The bank has reached agreement with three of the five shareholder groups representing 77 percent of the claims by value, the Edinburgh-based lender said in a statement on Monday. RBS is still in discussions with the other two groups, it said. The 800 million pounds, which is covered by existing provisions, would be split among the five groups.

Chief Executive Officer Ross McEwan has been plagued by misconduct issues from payment protection insurance to the sale of mortgage-backed securities ahead of the financial crisis, which pushed the state-owned lender to fail Bank of England stress tests last week. He’s still awaiting a deal with U.S. authorities probing subprime bond sales and is struggling to sell the bank’s Williams & Glyn business at the behest of European antitrust regulators.

“This settlement helps to clear up some of the uncertainties regarding these legacy costs,” Sandy Chen, an analyst at Cenkos Securities Plc in London, with a hold rating on shares, wrote in a note to clients. Offering 800 million pounds to settle the rights offer litigation “would finally put to bed that particular ghost of Christmas past.”

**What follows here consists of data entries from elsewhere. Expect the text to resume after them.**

lemma mu_str_eq_mu_rec:
  "closed_fork w F \<Longrightarrow> k \<le> length w \<Longrightarrow> mu w k F = mu_rec w k \<Longrightarrow> mu_str w k = mu_rec w k"
proof -
  assume F: "closed_fork w F" and k: "k \<le> length w" and mu: "mu w k F = mu_rec w k"
  have bounds: "{mu w k F | F. closed_fork w F} \<subseteq> {- int (length w)..mu_rec w k}"
    using mu_le_mu_rec mu_ge_neg_length k by (auto simp: closed_fork_def)
  show ?thesis unfolding mu_str_def
  proof (rule Max_eqI)
    show "finite {mu w k F | F. closed_fork w F}" using bounds finite_subset by blast
    show "mu_rec w k \<in> {mu w k F | F. closed_fork w F}" using F mu by force
  qed (use bounds in auto)
qed

lemma honest_prefix_reach_ge:
  "is_fork w F \<Longrightarrow> is_tine F r \<Longrightarrow> \<exists>r'. honest_tine w F r' \<and> prefix r' r \<and> reach w F r \<le> reach w F r'"
proof (induction "length r" arbitrary: r rule: less_induct)
  case less
  note F = less.prems(1) and r = less.prems(2)
  show ?case
  proof (cases "honest_vertex w F (last r)")
    case True
    then show ?thesis using r by (auto simp: honest_tine_def)
  next
    case False
    then have "r \<noteq> [root F]" by (auto simp: honest_vertex_def)
    then have b: "is_tine F (butlast r)" "tlab F (butlast r) < tlab F r" "tlen (butlast r) + 1 = tlen r"
      using fork_tine_butlast[OF F r] by auto
    have "adv_idx w (tlab F r)"
      using False b(2) tlab_le_length[OF F r] by (auto simp: honest_vertex_def honest_idx_def adv_idx_def tlab_def)
    then have sub: "insert (tlab F r) {i. adv_idx w i \<and> tlab F r < i} \<subseteq> {i. adv_idx w i \<and> tlab F (butlast r) < i}"
      using b(2) by auto
    have fin: "finite {i. adv_idx w i \<and> tlab F (butlast r) < i}"
      by (rule finite_subset[of _ "{..length w}"]) (auto simp: adv_idx_def)
    have "card (insert (tlab F r) {i. adv_idx w i \<and> tlab F r < i}) = reserve w F r + 1"
      unfolding reserve_def using finite_subset[OF _ fin] sub by simp
    then have "reserve w F r + 1 \<le> reserve w F (butlast r)"
      unfolding reserve_def using card_mono[OF fin sub] by simp
    then have "reach w F r \<le> reach w F (butlast r)" using b(3) by (simp add: reach_def gap_def)
    moreover obtain r' where "honest_tine w F r'" "prefix r' (butlast r)" "reach w F (butlast r) \<le> reach w F r'"
      using less.hyps[of "butlast r"] F b(1) tine_nonempty[OF r] by fastforce
    ultimately show ?thesis using prefixeq_butlast prefix_order.trans by fastforce
  qed
qed

section \<open>Forks built by A* attain the recurrences\<close>

definition optimal_pair :: "bool list \<Rightarrow> fork \<Rightarrow> nat \<Rightarrow> nat list \<Rightarrow> nat list \<Rightarrow> bool" where
  "optimal_pair w F k t1 t2 \<longleftrightarrow> honest_tine w F t1 \<and> honest_tine w F t2 \<and> disjoint_over F k t1 t2 \<and>
     rho_rec w \<le> reach w F t1 \<and> mu_rec w k \<le> reach w F t2"

definition honest_optimal :: "bool list \<Rightarrow> fork \<Rightarrow> bool" where
  "honest_optimal w F \<longleftrightarrow> closed_fork w F \<and> (\<exists>t. honest_tine w F t \<and> rho_rec w \<le> reach w F t) \<and>
     (\<forall>k < length w. \<exists>t1 t2. optimal_pair w F k t1 t2)"

lemma optimal_pair_reach:
  assumes F: "is_fork w F" and k: "k \<le> length w" and p: "optimal_pair w F k t1 t2"
  shows "reach w F t1 = rho_rec w" and "reach w F t2 = mu_rec w k"
proof -
  have t: "is_tine F t1" "is_tine F t2" and disj: "disjoint_over F k t1 t2"
    using p by (simp_all add: optimal_pair_def honest_tine_def)
  show r1: "reach w F t1 = rho_rec w"
    using reach_le_rho_rec[OF F t(1)] p by (simp add: optimal_pair_def)
  show "reach w F t2 = mu_rec w k"
    using reach_le_rho_rec[OF F t(2)] min_reach_le_mu_rec[OF F k t disj] mu_rec_le_rho_rec[OF k] r1 p
    by (simp add: optimal_pair_def)
qed

lemma honest_optimal_rho:
  assumes "honest_optimal w F"
  shows "\<exists>t. honest_tine w F t \<and> reach w F t = rho w F \<and> rho w F = rho_str w"
proof -
  have F: "closed_fork w F" and f: "is_fork w F" using assms by (simp_all add: honest_optimal_def closed_fork_def)
  obtain t where t: "honest_tine w F t" "rho_rec w \<le> reach w F t"
    using assms by (auto simp: honest_optimal_def)
  then have "reach w F t = rho w F" "rho w F = rho_rec w"
    using reach_le_rho[OF f] rho_le_rho_rec[OF f] by (fastforce simp: honest_tine_def)+
  then show ?thesis using t(1) rho_str_eq_rho_rec[OF F] by auto
qed

lemma honest_optimal_mu:
  assumes opt: "honest_optimal w F" and k: "k < length w"
  shows "\<exists>t1 t2. honest_tine w F t1 \<and> honest_tine w F t2 \<and> witnesses_mu w k F t1 t2 \<and>
           mu w k F = mu_str w k"
proof -
  have F: "closed_fork w F" and f: "is_fork w F" using opt by (simp_all add: honest_optimal_def closed_fork_def)
  obtain t1 t2 where p: "optimal_pair w F k t1 t2" using opt k by (auto simp: honest_optimal_def)
  then have t: "is_tine F t1" "is_tine F t2" and disj: "disjoint_over F k t1 t2"
    by (simp_all add: optimal_pair_def honest_tine_def)
  have r1: "reach w F t1 = rho_rec w" and r2: "reach w F t2 = mu_rec w k"
    using optimal_pair_reach[OF f _ p] k by simp_all
  then have "rho w F = rho_rec w"
    using reach_le_rho[OF f t(1)] rho_le_rho_rec[OF f] by simp
  moreover have "mu w k F = mu_rec w k"
    using mu_le_mu_rec[OF f less_imp_le[OF k]] min_reach_le_mu[OF f t disj] r1 r2
      mu_rec_le_rho_rec[of k w] k by simp
  ultimately show ?thesis using p t disj r1 r2 mu_str_eq_mu_rec[OF F] k
    by (auto simp: optimal_pair_def witnesses_mu_def)
qed

lemma trivial_fork_tine_iff: "trivial_fork F \<Longrightarrow> is_tine F t \<longleftrightarrow> t = [root F]"
proof
  assume F: "trivial_fork F" and t: "is_tine F t"
  show "t = [root F]"
  proof (rule ccontr)
    assume "t \<noteq> [root F]"
    then have "t ! 1 \<in> verts F" "t ! 1 \<noteq> root F"
      using tine_length_ge_2[OF t] tine_nth_neq_root[OF t, of 1] tine_subset_verts[OF t] by auto
    then show False using F by (simp add: trivial_fork_def)
  qed
qed (simp add: is_tine_def trivial_fork_def)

The stock gained 1.9 percent to 197 pence at 10:02 a.m. in London trading, paring its loss to 35 percent this year as the worst-performing major British bank.

Last-Ditch

RBS had already set aside enough funds for the rights offer settlement, hurting earnings in the past two quarters. Shareholders who subscribed for about 4 billion pounds of stock have said the bank made untrue and misleading statements in its 2008 emergency share sale, undertaken by former chief Fred Goodwin in a last-ditch attempt to rescue the lender before its taxpayer bailout.

“We have been very clear that we wanted to deal with as many of our legacy litigation issues as possible during 2015 and 2016,” McEwan said in the statement. “We are pleased to have reached this agreement and hope that it will be accepted by the remaining claimant groups, so that this long course of complex and costly litigation can now be concluded.”

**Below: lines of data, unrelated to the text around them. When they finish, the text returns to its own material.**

(* Let $\alpha\in(1,2)$, $\sigma=1-\alpha/2$, $T>0$, $N$ a positive integer and $\tau=T/N$, and let the coefficients $c_l^{(k,\alpha)}$ be as defined in the context. Then for every integer $k\ge1$: (i) $c_0^{(k,\alpha)}>c_1^{(k,\alpha)}>\cdots>c_{k-1}^{(k,\alpha)}>c_k^{(k,\alpha)}>\frac{3(k+\sigma)^{1-\alpha}}{8}\tau^{2-\alpha}>0$; (ii) $4\sigma c_0^{(k,\alpha)}-(1+2\sigma)c_1^{(k,\alpha)}>0$; and for $1\le k\le N$: (iii) $\sum_{m=1}^{k}c_{m-1}^{(m,\alpha)}<\frac{(8\sigma+21)T^{2-\alpha}}{16(1+2\sigma)\sigma}$; (iv) there is a positive constant $C$, independent of $\tau$ and $k$, such that $$\sum_{m=1}^{k}\big(c_m^{(m,\alpha)}\big)^2\le\frac{9C}{16(1+2\sigma)^2}\begin{cases}\frac{(1+\sigma)^2T^{3-2\alpha}}{3-2\alpha}\tau+(1+\sigma)^{4-2\alpha}, & \alpha\in(1,1.5),\\ (1+\sigma)T, & \alpha=1.5,\\ \frac{2-3\sigma}{2\alpha-3}(1+\sigma)^{4-2\alpha}\tau^{4-2\alpha}, & \alpha\in(1.5,2).\end{cases}$$
   Context: For integers $k\ge1$ define $a_1^{(k,\alpha)}=\frac32\tau^{2-\alpha}\int_0^{1/2}(s-\frac13)(k+\sigma-s)^{1-\alpha}\,\mathrm{d}s$; $a_l^{(k,\alpha)}=\tau^{2-\alpha}\int_0^1(s-\frac12)(k+\sigma-l+\frac32-s)^{1-\alpha}\,\mathrm{d}s$ for $2\le l\le k$; $b_l^{(k,\alpha)}=\tau^{2-\alpha}\int_0^1(\frac32-s)(k+\sigma-l+\frac12-s)^{1-\alpha}\,\mathrm{d}s$ for $1\le l\le k-1$; $b_k^{(k,\alpha)}=\tau^{2-\alpha}\int_0^{\sigma+1/2}s^{1-\alpha}\,\mathrm{d}s$; $c_l^{(k,\alpha)}=a_{k-l}^{(k,\alpha)}+b_{k-l}^{(k,\alpha)}$ for $0\le l\le k-1$, and $c_k^{(k,\alpha)}=\frac32\tau^{2-\alpha}\int_0^{1/2}(1-s)(k+\sigma-s)^{1-\alpha}\,\mathrm{d}s$. *)

theory Defs
  imports "HOL-Analysis.Analysis"
begin

definition sig :: "real \<Rightarrow> real" where
  "sig \<alpha> = 1 - \<alpha> / 2"

text \<open>a_l^(k,alpha), with tau given explicitly; l is meaningful for 1 <= l <= k.\<close>
definition coef_a :: "real \<Rightarrow> real \<Rightarrow> nat \<Rightarrow> nat \<Rightarrow> real" where
  "coef_a \<alpha> \<tau> k l =
     (if l = 1 then 3/2 * \<tau> powr (2 - \<alpha>) *
        integral {0..1/2} (\<lambda>s. (s - 1/3) * (real k + sig \<alpha> - s) powr (1 - \<alpha>))
      else \<tau> powr (2 - \<alpha>) *
        integral {0..1} (\<lambda>s. (s - 1/2) * (real k + sig \<alpha> - real l + 3/2 - s) powr (1 - \<alpha>)))"

text \<open>b_l^(k,alpha); l is meaningful for 1 <= l <= k.\<close>
definition coef_b :: "real \<Rightarrow> real \<Rightarrow> nat \<Rightarrow> nat \<Rightarrow> real" where
  "coef_b \<alpha> \<tau> k l =
     (if l = k then \<tau> powr (2 - \<alpha>) *
        integral {0..sig \<alpha> + 1/2} (\<lambda>s. s powr (1 - \<alpha>))
      else \<tau> powr (2 - \<alpha>) *
        integral {0..1} (\<lambda>s. (3/2 - s) * (real k + sig \<alpha> - real l + 1/2 - s) powr (1 - \<alpha>)))"

definition coef_c :: "real \<Rightarrow> real \<Rightarrow> nat \<Rightarrow> nat \<Rightarrow> real" where
  "coef_c \<alpha> \<tau> k l =
     (if l = k then 3/2 * \<tau> powr (2 - \<alpha>) *
        integral {0..1/2} (\<lambda>s. (1 - s) * (real k + sig \<alpha> - s) powr (1 - \<alpha>))
      else coef_a \<alpha> \<tau> k (k - l) + coef_b \<alpha> \<tau> k (k - l))"

end
lemma HU_stable_hill_op:
  assumes h: "h \<noteq> 0" and K_pos: "0 < K1" "0 < K2"
    and resp1: "bounded_response h (\<lambda>m. 1 + h * lam (Suc m)) K1"
    and resp2: "bounded_response h (\<lambda>m. 1 - h * lam m) K2"
  shows "HU_stable (hill_op h lam) (\<lambda>_. 0) (K1 * K2)"
  unfolding HU_stable_def
proof (intro conjI allI impI)
  show "0 < K1 * K2" using K_pos by simp
  fix \<epsilon> :: real and \<xi> :: "nat \<Rightarrow> real"
  assume "\<forall>m. \<bar>hill_op h lam \<xi> m - 0\<bar> \<le> \<epsilon>"
  then have "\<forall>m. \<bar>hill_op h lam \<xi> m\<bar> \<le> \<epsilon>" by simp
  with resp1 obtain d1 where d1: "\<forall>m. d1 (Suc m) = (1 + h * lam (Suc m)) * d1 m + h * hill_op h lam \<xi> m"
    and d1_bound: "\<forall>m. \<bar>d1 m\<bar> \<le> K1 * \<epsilon>"
    unfolding bounded_response_def by blast
  from resp2 d1_bound obtain d2 where d2: "\<forall>m. d2 (Suc m) = (1 - h * lam m) * d2 m + h * d1 m"
    and d2_bound: "\<forall>m. \<bar>d2 m\<bar> \<le> K2 * (K1 * \<epsilon>)"
    unfolding bounded_response_def by blast
  define y where "y m = \<xi> m - d2 m" for m
  define u where "u m = delta_h h \<xi> m + lam m * \<xi> m - d1 m" for m
  have u_rec: "u (Suc m) = (1 + h * lam (Suc m)) * u m" for m
    unfolding u_def using hill_op_factorization[OF h, of \<xi> m lam] d1 by (simp add: algebra_simps)
  have d2_step: "(d2 (Suc m) - d2 m) / h + lam m * d2 m = d1 m" for m
    using d2 h by (simp add: field_simps)
  have "delta_h h y m + lam m * y m = u m" for m
    using d2_step[of m] unfolding y_def u_def delta_h_def diff_divide_distrib by argo
  then have "hill_op h lam y m = 0" for m
    using hill_op_factorization[OF h, of y m lam] u_rec[of m] h by simp
  moreover have "\<bar>\<xi> m - y m\<bar> \<le> K1 * K2 * \<epsilon>" for m
    using d2_bound unfolding y_def by (simp add: ac_simps)
  ultimately show "\<exists>y. (\<forall>m. hill_op h lam y m = 0) \<and> (\<forall>m. \<bar>\<xi> m - y m\<bar> \<le> K1 * K2 * \<epsilon>)"
    by blast
qed

theorem theorem3p2:
  fixes h :: real and n :: nat and lam :: "nat \<Rightarrow> real"
  assumes "h > 0"
    and "is_n_cycle n lam"
    and "\<And>m. lam m \<noteq> 1 / h \<and> lam m \<noteq> - (1 / h)"
    and "0 < \<bar>dexp h lam n\<bar>" and "\<bar>dexp h lam n\<bar> \<noteq> 1"
    and "0 < \<bar>dexp h (\<lambda>m. - lam m) n\<bar>" and "\<bar>dexp h (\<lambda>m. - lam m) n\<bar> \<noteq> 1"
  shows "HU_stable (hill_op h lam) (\<lambda>_. 0)
           (K0 h n lam * K0 h n (\<lambda>m. - lam m))"
proof -
  have n: "n \<ge> 1" and per: "\<And>m. lam (m + n) = lam m"
    using assms(2) unfolding is_n_cycle_def by auto
  have per_neg: "\<And>m. - lam (m + n) = - lam m" using per by simp
  have nz: "1 + h * lam m \<noteq> 0" and nz_neg: "1 + h * - lam m \<noteq> 0" for m
  proof -
    have "1 + h * lam m = h * (lam m + 1 / h)" and "1 + h * - lam m = - h * (lam m - 1 / h)"
      using assms(1) by (simp_all add: field_simps)
    then show "1 + h * lam m \<noteq> 0" and "1 + h * - lam m \<noteq> 0"
      using assms(1) assms(3)[of m] by auto
  qed
  have "bounded_response h (\<lambda>m. 1 + h * lam (Suc m)) (K0 h n lam)"
    using bounded_response_K0[of h n lam, OF assms(1) n per nz assms(5), of 1] by simp
  moreover have "bounded_response h (\<lambda>m. 1 - h * lam m) (K0 h n (\<lambda>m. - lam m))"
    using bounded_response_K0[OF assms(1) n per_neg nz_neg assms(7), of 0] by simp
  moreover have "0 < K0 h n lam" and "0 < K0 h n (\<lambda>m. - lam m)"
    using K0_pos[OF assms(1) n] nz nz_neg assms(4-7) by auto
  ultimately show ?thesis using HU_stable_hill_op assms(1) by simp
qed

end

RBS said in its statement Monday that any claims for which an agreement cannot be reached will be defended in court. Claimants represented by Leon Kaye Solicitors and Signature Litigation, which include 27,000 mom and pop investors, have yet to reach a deal. The trial for those claims is due to start in March and Goodwin is named among defendants who could be called to give evidence.

Painful Costs

RBS’s conduct and litigation costs topped 1.74 billion pounds in the first nine months this year, up 20 percent from the same period of 2015, driven in part by provisions for the rights offer lawsuit.

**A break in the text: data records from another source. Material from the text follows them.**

lemma moved_z_cycle_labels:
  assumes aut: "cay_aut G S \<rho>" and fix_one: "\<rho> \<one> = \<one>" and fix_S: "\<forall>t\<in>S. \<rho> t = t"
    and gij: "gi \<in> S" "gj \<in> S" "gi \<noteq> gj" and moved: "\<rho> z \<noteq> z"
  defines "a \<equiv> closed_walk_labels G (map \<rho> (cyc8 G z gi gj))"
  shows "set a \<subseteq> S \<and> (\<forall>s\<in>S. s \<in> set a \<longrightarrow> count_list a s = 2)
    \<and> distinct (take 4 a) \<and> distinct (drop 4 a)"
proof -
  let ?u = "map \<rho> (cyc8 G z gi gj)"
  have c: "set (cyc8 G z gi gj) \<subseteq> carrier G"
    using gij z_closed by (auto simp: cyc8_def)
  have \<rho>z: "\<rho> z \<in> carrier G"
    using aut z_closed unfolding cay_aut_def bij_betw_def by auto
  have u: "set ?u \<subseteq> carrier G" "length ?u = 8" "?u ! 0 = \<one>" "?u ! 4 = \<rho> z"
    using c aut fix_one unfolding cay_aut_def bij_betw_def by (auto simp: cyc8_def)
  have labels: "set a \<subseteq> S"
    unfolding a_def using cay_aut_closed_walk_labels[OF aut c cyc8_closed_walk[OF gij]] .
  have prod_first: "word_prod G (rev (take 4 a)) = \<rho> z"
    and prod_second: "word_prod G (rev (drop 4 a)) = inv (\<rho> z)"
    and prod_all: "word_prod G (rev a) = \<one>"
    using closed_walk_labels_prod[OF u(1), of 4] closed_walk_labels_prod(2)[OF u(1), of 0] u \<rho>z
    unfolding a_def by auto
  have "length a = 8"
    using u(2) by (simp add: a_def closed_walk_labels_def)
  then have halves: "length (take 4 a) = 4" "length (drop 4 a) = 4"
    "set (take 4 a) \<subseteq> S" "set (drop 4 a) \<subseteq> S"
    using labels by (auto dest: in_set_takeD in_set_dropD)
  have far: "\<rho> z \<notin> insert z (S <#> S)" "inv (\<rho> z) \<notin> insert z (S <#> S)"
    using moved_z_not_short_product[OF aut fix_S moved] inv_short_product[of "inv (\<rho> z)"]
      \<rho>z by auto
  have distinct: "distinct (take 4 a)" "distinct (drop 4 a)"
    using not_distinct_word_prod[of "rev (take 4 a)"] not_distinct_word_prod[of "rev (drop 4 a)"]
      halves prod_first prod_second far by auto
  have "count_list a s = 2" if "s \<in> S" "s \<in> set a" for s
    using count_list_eq_2_if_word_prod_one[of "rev (drop 4 a)" "rev (take 4 a)" s]
      labels halves distinct prod_all that \<open>length a = 8\<close>
    by (simp flip: rev_append)
  with labels distinct show ?thesis
    by blast
qed

lemma S_subset_nbhd_one: "S \<subseteq> nbhd G S \<one>"
  unfolding nbhd_def cay_adj_def by force

end

lemma (in group) symmetric_basis_anticommuting_involutions:
  assumes "symmetric_basis G r z g"
  shows "anticommuting_involutions G (g ` {1..2*r}) z"
proof -
  note basis = assms[unfolded symmetric_basis_def]
  have center: "grp_center G = {\<one>, z}" and z_neq_one: "z \<noteq> \<one>"
    using basis by blast+
  then have z_closed: "z \<in> carrier G" and z_central: "\<And>x. x \<in> carrier G \<Longrightarrow> z \<otimes> x = x \<otimes> z"
    unfolding grp_center_def by blast+
  have "z \<otimes> z \<otimes> x = x \<otimes> (z \<otimes> z)" if "x \<in> carrier G" for x
  proof -
    have "z \<otimes> z \<otimes> x = z \<otimes> (x \<otimes> z)"
      using that z_closed by (simp add: m_assoc z_central[OF that])
    also have "\<dots> = x \<otimes> (z \<otimes> z)"
      using that z_closed by (simp flip: m_assoc add: z_central[OF that])
    finally show ?thesis .
  qed
  then have "z \<otimes> z \<in> grp_center G"
    unfolding grp_center_def using z_closed by blast
  then have z_square: "z \<otimes> z = \<one>"
    using center z_closed z_neq_one by auto
  have g_closed: "\<forall>i \<in> {1..2*r}. g i \<in> carrier G"
    and g_square: "\<forall>i \<in> {1..2*r}. g i \<otimes> g i = \<one>"
    and g_anticommute: "\<forall>i \<in> {1..2*r}. \<forall>j \<in> {1..2*r}. i \<noteq> j \<longrightarrow> g i \<otimes> g j = g j \<otimes> g i \<otimes> z"
    using basis by blast+
  show ?thesis
  proof (intro anticommuting_involutions.intro anticommuting_involutions_axioms.intro)
    fix s t assume "s \<in> g ` {1..2*r}" "t \<in> g ` {1..2*r}" "s \<noteq> t"
    then obtain i j where "i \<in> {1..2*r}" "j \<in> {1..2*r}" "i \<noteq> j" "s = g i" "t = g j"
      by blast
    then show "s \<otimes> t = t \<otimes> s \<otimes> z"
      using g_anticommute by blast
  qed (fact is_group z_closed z_central z_neq_one z_square | use g_closed g_square in auto)+
qed

lemma (in group) symmetric_basis_distinct:
  assumes "symmetric_basis G r z g" "i \<in> {1..2*r}" "j \<in> {1..2*r}" "i \<noteq> j"
  shows "g i \<noteq> g j"
proof
  assume "g i = g j"
  moreover have "g i \<otimes> g j = g j \<otimes> g i \<otimes> z" "g j \<otimes> g j = \<one>" "g j \<in> carrier G" "z \<noteq> \<one>"
    using assms unfolding symmetric_basis_def by blast+
  ultimately have "\<one> = \<one> \<otimes> z"
    by (simp only:)
  moreover have "z \<in> carrier G"
    using anticommuting_involutions.z_closed[OF symmetric_basis_anticommuting_involutions[OF assms(1)]] .
  ultimately show False
    using \<open>z \<noteq> \<one>\<close> by simp
qed

theorem lemma4p6:
  fixes G :: "('a, 'b) monoid_scheme" and r :: nat and z :: 'a and g :: "nat \<Rightarrow> 'a"
    and i j :: nat and \<rho> :: "'a \<Rightarrow> 'a"
  assumes "r \<ge> 1"
    and "extraspecial2 G r"
    and "symmetric_basis G r z g"
    and "i \<in> {1..2*r}" and "j \<in> {1..2*r}" and "i \<noteq> j"
    and "\<rho> \<in> stab1 G (g ` {1..2*r}) \<one>\<^bsub>G\<^esub>"
    and "\<rho> z \<noteq> z"
  shows "let S = g ` {1..2*r};
             u = map \<rho> (cyc8 G z (g i) (g j));
             a = map (\<lambda>k. u ! ((k + 1) mod 8) \<otimes>\<^bsub>G\<^esub> inv\<^bsub>G\<^esub> (u ! k)) [0..<8]
         in set a \<subseteq> S
            \<and> (\<forall>s \<in> S. s \<in> set a \<longrightarrow> count_list a s = 2)
            \<and> distinct (take 4 a) \<and> distinct (drop 4 a)"
proof -
  interpret group G
    using assms(2) unfolding extraspecial2_def by blast
  interpret anticommuting_involutions G "g ` {1..2*r}" z
    using symmetric_basis_anticommuting_involutions[OF assms(3)] .
  have gij: "g i \<in> g ` {1..2*r}" "g j \<in> g ` {1..2*r}"
    using assms(4,5) by auto
  have "g i \<noteq> g j"
    using symmetric_basis_distinct[OF assms(3-6)] .
  have stab: "cay_aut G (g ` {1..2*r}) \<rho>" "\<rho> \<one>\<^bsub>G\<^esub> = \<one>\<^bsub>G\<^esub>"
    "\<forall>t \<in> g ` {1..2*r}. \<rho> t = t"
    using assms(7) S_subset_nbhd_one unfolding stab1_def by auto
  show ?thesis
    using moved_z_cycle_labels[OF stab gij \<open>g i \<noteq> g j\<close> assms(8)]
    unfolding Let_def closed_walk_labels_def length_map cyc8_length .
qed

Separately, the bank’s chief conduct and regulatory affairs officer, Jon Pain, will retire next year after three years with RBS, according to an internal memo to staff obtained by Bloomberg News. The bank will integrate his team with several other departments, including its risk division led by chief risk officer David Stephen.

A former managing director of supervision at the U.K.’s Financial Conduct Authority during the financial crisis who joined the bank in 2013, Pain helped RBS reach settlements with British and U.S. authorities over the manipulation of Libor and currency markets that cost the bank more than 1 billion pounds.